Por qué es difícil de confirmar y por qué es importante

El gran problema es que eventos de microlente como éste no vuelven a ocurrir, lo que hace casi imposible confirmar con certeza la naturaleza de Phoebe.

Antes de formular hipótesis, el equipo necesitaba descartar fallos en los equipos, explosiones estelares y contaminación de otras estrellas. Aun así, sigue siendo un episodio único, observado durante aproximadamente una hora, cerca de la Vía Láctea.

Conviene ser cauteloso: los agujeros negros primordiales fueron tratados durante mucho tiempo como una idea marginal y han vuelto a estar de moda porque la búsqueda de materia oscura sigue sin respuesta, pero las pruebas concretas de su existencia aún son escasas.

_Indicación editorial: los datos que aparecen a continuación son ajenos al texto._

(* Let $A^T\in\mathbb{R}^{n_o\times n}$, $G\in\mathbb{R}^{n\times n_h}$, $B^T\in\mathbb{R}^{n\times n}$ be the Toom-Cook matrices defined in the context, let $H\in F^{n_h\times n_h}$ and $X\in F^{n\times n}$ be floating point matrices, let $S=A^T(GHG^T\odot B^TXB)A$ be the exact result and $\hat S$ the floating point result computed as described in the context. Then $$|\hat S-S|\le |A^T|\big(|G|\,|H|\,|G^T|\odot|B^T|\,|X|\,|B|\big)|A|\,\big(2\alpha^{(n)}+2\beta^{(n)}+2\gamma^{(n_h)}+1\big)\varepsilon+O(\varepsilon^2)$$ entrywise, and $$\|\hat S-S\|_1\le \|A^T\|_1\|G\|_F\|H\|_F\|G^T\|_F\|B^T\|_F\|X\|_F\|B\|_F\|A\|_1\,\big(2\alpha^{(n)}+2\beta^{(n)}+2\gamma^{(n_h)}+1\big)\varepsilon+O(\varepsilon^2).$$
   Context: Toom-Cook matrices: $n=n_o+n_h-1$, $p_1,\dots,p_n$ distinct reals, $N_i=1/\prod_{j\ne i}(p_i-p_j)$, $M_{i,j}$ the coefficient of $a^{j-1}$ in $\prod_{k\ne i}(a-p_k)$; $A^T_{i,j}=p_j^{i-1}$ ($i\le n_o$, $j\le n$), $G_{i,j}=p_i^{j-1}N_i$ ($i\le n$, $j\le n_h$), $B^T_{i,j}=M_{j,i}$; $A$, $G^T$, $B$ are the transposes. $\odot$ is the Hadamard product, $|\cdot|$ entrywise absolute value (matrix inequalities entrywise), $\|\cdot\|_1$ the induced matrix 1-norm (maximum absolute column sum), $\|\cdot\|_F$ the Frobenius norm. Floating point model: set $F$ of floating point numbers, unit roundoff $\varepsilon$, no overflow, $fl(y)=y(1+\delta)$, $fl(y\,\mathrm{op}\,z)=(y\,\mathrm{op}\,z)(1+\delta)$ with $|\delta|\le\varepsilon$; the matrix entries are stored rounded. Computation of $\hat S$: $U=fl(fl(G)\,H\,fl(G^T))$ and $V=fl(fl(B^T)\,X\,fl(B))$ are computed by matrix products (dot products of rows/columns), $W_{ij}=fl(U_{ij}V_{ij})$, and $\hat S=fl(fl(A^T)\,W\,fl(A))$. The same summation method is used for multiplication by a matrix and by its transpose. Constants: $\alpha^{(n)},\beta^{(n)},\gamma^{(n_h)}$ are constants such that for every row $a^T$ of $A^T$ (resp. $B^T$, resp. $G$) — equivalently every column of $A$ (resp. $B$, $G^T$) — and every floating point vector $y$ of matching length the computed dot product satisfies $|a^Ty-fl(fl(a^T)y)|\le|a^T|\,|y|\,c\,\varepsilon+O(\varepsilon^2)$ with $c=\alpha^{(n)}$ (resp. $\beta^{(n)}$, $\gamma^{(n_h)}$). *)

theory Defs
  imports "HOL-Computational_Algebra.Polynomial"
begin

text \<open>Matrices are functions nat => nat => real with indices starting at 0;
  the dimensions are carried explicitly.  Index i of the paper corresponds to i-1 here.\<close>

definition mmul :: "nat \<Rightarrow> (nat \<Rightarrow> nat \<Rightarrow> real) \<Rightarrow> (nat \<Rightarrow> nat \<Rightarrow> real) \<Rightarrow> nat \<Rightarrow> nat \<Rightarrow> real" where
  "mmul k P Q i j = (\<Sum>l<k. P i l * Q l j)"

definition mabs :: "(nat \<Rightarrow> nat \<Rightarrow> real) \<Rightarrow> nat \<Rightarrow> nat \<Rightarrow> real" where
  "mabs P i j = \<bar>P i j\<bar>"

definition hprod :: "(nat \<Rightarrow> nat \<Rightarrow> real) \<Rightarrow> (nat \<Rightarrow> nat \<Rightarrow> real) \<Rightarrow> nat \<Rightarrow> nat \<Rightarrow> real" where
  "hprod P Q i j = P i j * Q i j"

definition mtransp :: "(nat \<Rightarrow> nat \<Rightarrow> real) \<Rightarrow> nat \<Rightarrow> nat \<Rightarrow> real" where
  "mtransp P i j = P j i"

text \<open>Induced matrix 1-norm (maximum absolute column sum) of an m x k matrix, k >= 1.\<close>
definition norm1 :: "nat \<Rightarrow> nat \<Rightarrow> (nat \<Rightarrow> nat \<Rightarrow> real) \<Rightarrow> real" where
  "norm1 m k P = Max ((\<lambda>j. \<Sum>i<m. \<bar>P i j\<bar>) ` {..<k})"

definition frob :: "nat \<Rightarrow> nat \<Rightarrow> (nat \<Rightarrow> nat \<Rightarrow> real) \<Rightarrow> real" where
  "frob m k P = sqrt (\<Sum>i<m. \<Sum>j<k. (P i j)^2)"

definition tcN :: "nat \<Rightarrow> (nat \<Rightarrow> real) \<Rightarrow> nat \<Rightarrow> real" where
  "tcN n p i = 1 / (\<Prod>j\<in>{..<n} - {i}. (p i - p j))"

definition tcM :: "nat \<Rightarrow> (nat \<Rightarrow> real) \<Rightarrow> nat \<Rightarrow> nat \<Rightarrow> real" where
  "tcM n p i j = coeff (\<Prod>k\<in>{..<n} - {i}. [:- p k, 1:]) j"

text \<open>A^T (n_o x n), G (n x n_h), B^T (n x n).\<close>
definition tcAT :: "(nat \<Rightarrow> real) \<Rightarrow> nat \<Rightarrow> nat \<Rightarrow> real" where
  "tcAT p i j = p j ^ i"

definition tcG :: "nat \<Rightarrow> (nat \<Rightarrow> real) \<Rightarrow> nat \<Rightarrow> nat \<Rightarrow> real" where
  "tcG n p i j = p i ^ j * tcN n p i"

definition tcBT :: "nat \<Rightarrow> (nat \<Rightarrow> real) \<Rightarrow> nat \<Rightarrow> nat \<Rightarrow> real" where
  "tcBT n p i j = tcM n p j i"

text \<open>dot m u y : the computed (floating point) dot product of the stored vectors u and y
  of length m, with the fixed summation method.  rnd : rounding to the floating point set.
  flmul_left computes fl(fl(C) Y) (C has inner dimension m, its rows are the dot product
  coefficient vectors); flmul_right computes fl(Y fl(C)) (the columns of C are the
  coefficient vectors; the same summation method is used).\<close>

definition flmul_left :: "(nat \<Rightarrow> (nat \<Rightarrow> real) \<Rightarrow> (nat \<Rightarrow> real) \<Rightarrow> real) \<Rightarrow> (real \<Rightarrow> real) \<Rightarrow> nat
    \<Rightarrow> (nat \<Rightarrow> nat \<Rightarrow> real) \<Rightarrow> (nat \<Rightarrow> nat \<Rightarrow> real) \<Rightarrow> nat \<Rightarrow> nat \<Rightarrow> real" where
  "flmul_left dot rnd m C Y i j = dot m (\<lambda>k. rnd (C i k)) (\<lambda>k. Y k j)"

definition flmul_right :: "(nat \<Rightarrow> (nat \<Rightarrow> real) \<Rightarrow> (nat \<Rightarrow> real) \<Rightarrow> real) \<Rightarrow> (real \<Rightarrow> real) \<Rightarrow> nat
    \<Rightarrow> (nat \<Rightarrow> nat \<Rightarrow> real) \<Rightarrow> (nat \<Rightarrow> nat \<Rightarrow> real) \<Rightarrow> nat \<Rightarrow> nat \<Rightarrow> real" where
  "flmul_right dot rnd m Y C i j = dot m (\<lambda>k. rnd (C k j)) (\<lambda>k. Y i k)"

definition tc_exact :: "nat \<Rightarrow> nat \<Rightarrow> (nat \<Rightarrow> real) \<Rightarrow> (nat \<Rightarrow> nat \<Rightarrow> real) \<Rightarrow> (nat \<Rightarrow> nat \<Rightarrow> real)
    \<Rightarrow> nat \<Rightarrow> nat \<Rightarrow> real" where
  "tc_exact no nh p H X =
    (let n = no + nh - 1; AT = tcAT p; G = tcG n p; BT = tcBT n p in
     mmul n (mmul n AT (hprod (mmul nh (mmul nh G H) (mtransp G)) (mmul n (mmul n BT X) (mtransp BT))))
       (mtransp AT))"

definition tc_computed :: "(nat \<Rightarrow> (nat \<Rightarrow> real) \<Rightarrow> (nat \<Rightarrow> real) \<Rightarrow> real) \<Rightarrow> (real \<Rightarrow> real)
    \<Rightarrow> nat \<Rightarrow> nat \<Rightarrow> (nat \<Rightarrow> real) \<Rightarrow> (nat \<Rightarrow> nat \<Rightarrow> real) \<Rightarrow> (nat \<Rightarrow> nat \<Rightarrow> real) \<Rightarrow> nat \<Rightarrow> nat \<Rightarrow> real" where
  "tc_computed dot rnd no nh p H X =
    (let n = no + nh - 1; AT = tcAT p; G = tcG n p; BT = tcBT n p;
         U = flmul_right dot rnd nh (flmul_left dot rnd nh G H) (mtransp G);
         V = flmul_right dot rnd n (flmul_left dot rnd n BT X) (mtransp BT);
         W = (\<lambda>i j. rnd (U i j * V i j))
     in flmul_right dot rnd n (flmul_left dot rnd n AT W) (mtransp AT))"

end

theory Submission
  imports Defs "HOL-Analysis.Analysis"
begin

text \<open>Every stage of the computation is a matrix product evaluated by dot products, and
  rounding errors propagate to first order: a computed dot product with coefficient row a
  applied to an input with entrywise errors d_k has error at most \<Sum>|a_k| (c |y_k| + d_k)
  up to O(\<epsilon>^2), and a rounded scalar product u v adds |u v| \<epsilon>. Carrying along, for every
  intermediate matrix, the entrywise majorant obtained by replacing all factors by their absolute
  values, the two-sided products G H G^T and B^T X B contribute 2\<gamma> and 2\<beta>, the Hadamard
  product 1 and the outer product A^T W A another 2\<alpha>. The norm bound then follows from
  submultiplicativity of the 1-norm and the Frobenius norm together with the Cauchy-Schwarz
  estimate for the 1-norm of a Hadamard product.\<close>

section \<open>First-order error bounds\<close>

definition first_order_bound :: "real set \<Rightarrow> (real \<Rightarrow> real) \<Rightarrow> real \<Rightarrow> bool" where
  "first_order_bound E f c \<longleftrightarrow> (\<exists>K e0. 0 < e0 \<and> (\<forall>e\<in>E. e \<le> e0 \<longrightarrow> f e \<le> c * e + K * e\<^sup>2))"

lemma first_order_boundI:
  assumes "0 < e0" "\<And>e. e \<in> E \<Longrightarrow> e \<le> e0 \<Longrightarrow> f e \<le> c * e + K * e\<^sup>2"
  shows "first_order_bound E f c"
  unfolding first_order_bound_def using assms by blast

lemma first_order_bound_zero: "first_order_bound E (\<lambda>e. 0) 0"
  by (rule first_order_boundI[of 1 _ _ _ 0]) auto

lemma first_order_bound_quadratic: "first_order_bound E (\<lambda>e. c * e + K * e\<^sup>2) c"
  by (rule first_order_boundI[of 1 _ _ _ K]) auto

lemma first_order_bound_add:
  assumes "first_order_bound E f c" "first_order_bound E g d"
  shows "first_order_bound E (\<lambda>e. f e + g e) (c + d)"
proof -
  obtain K1 a where 1: "0 < a" "\<forall>e\<in>E. e \<le> a \<longrightarrow> f e \<le> c * e + K1 * e\<^sup>2"
    using assms(1) first_order_bound_def by auto
  obtain K2 b where 2: "0 < b" "\<forall>e\<in>E. e \<le> b \<longrightarrow> g e \<le> d * e + K2 * e\<^sup>2"
    using assms(2) first_order_bound_def by auto
  show ?thesis
  proof (rule first_order_boundI[of "min a b" _ _ _ "K1 + K2"])
    fix e assume "e \<in> E" "e \<le> min a b"
    then have "f e + g e \<le> (c * e + K1 * e\<^sup>2) + (d * e + K2 * e\<^sup>2)" using 1 2 by (intro add_mono) auto
    then show "f e + g e \<le> (c + d) * e + (K1 + K2) * e\<^sup>2" by (simp add: algebra_simps)
  qed (use 1 2 in auto)
qed

lemma first_order_bound_sum:
  fixes m :: nat
  assumes "\<And>k. k < m \<Longrightarrow> first_order_bound E (f k) (c k)"
  shows "first_order_bound E (\<lambda>e. \<Sum>k<m. f k e) (\<Sum>k<m. c k)"
  using assms
proof (induction m)
  case 0
  then show ?case using first_order_bound_zero by simp
next
  case (Suc m)
  have "first_order_bound E (\<lambda>e. (\<Sum>k<m. f k e) + f m e) ((\<Sum>k<m. c k) + c m)"
    by (rule first_order_bound_add) (use Suc in auto)
  then show ?case by simp
qed

lemma first_order_bound_cmult:
  assumes "0 \<le> a" "first_order_bound E f c"
  shows "first_order_bound E (\<lambda>e. a * f e) (a * c)"
proof -
  obtain K b where K: "0 < b" "\<forall>e\<in>E. e \<le> b \<longrightarrow> f e \<le> c * e + K * e\<^sup>2"
    using assms(2) first_order_bound_def by auto
  show ?thesis
  proof (rule first_order_boundI[of b _ _ _ "a * K"])
    fix e assume "e \<in> E" "e \<le> b"
    then have "a * f e \<le> a * (c * e + K * e\<^sup>2)" using K assms(1) mult_left_mono by blast
    then show "a * f e \<le> a * c * e + a * K * e\<^sup>2" by (simp add: algebra_simps)
  qed (use K in auto)
qed

lemma first_order_bound_mono:
  assumes "0 < e1" "\<forall>e\<in>E. e \<le> e1 \<longrightarrow> f e \<le> g e" "first_order_bound E g c"
  shows "first_order_bound E f c"
proof -
  obtain K e0 where "0 < e0" "\<forall>e\<in>E. e \<le> e0 \<longrightarrow> g e \<le> c * e + K * e\<^sup>2"
    using assms(3) first_order_bound_def by auto
  then show ?thesis
    using assms(1,2) by (intro first_order_boundI[of "min e0 e1" _ _ _ K]) force+
qed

Por otro lado, un equipo japonés informó recientemente de 12 eventos similares en dirección a la galaxia de Andrómeda, algunos posiblemente causados ​​por objetos similares en el halo de la Vía Láctea.

Si se confirma, Phoebe podría ayudar a comprender de qué está hecha la materia oscura, ya sea como un planeta rebelde o como un antiguo agujero negro primordial.

Un objeto invisible que cruza la Vía Láctea, que podría ser un agujero negro del principio de los tiempos o un planeta rebelde, es el tipo de misterio que muestra cuánto queda aún por descubrir en el Universo.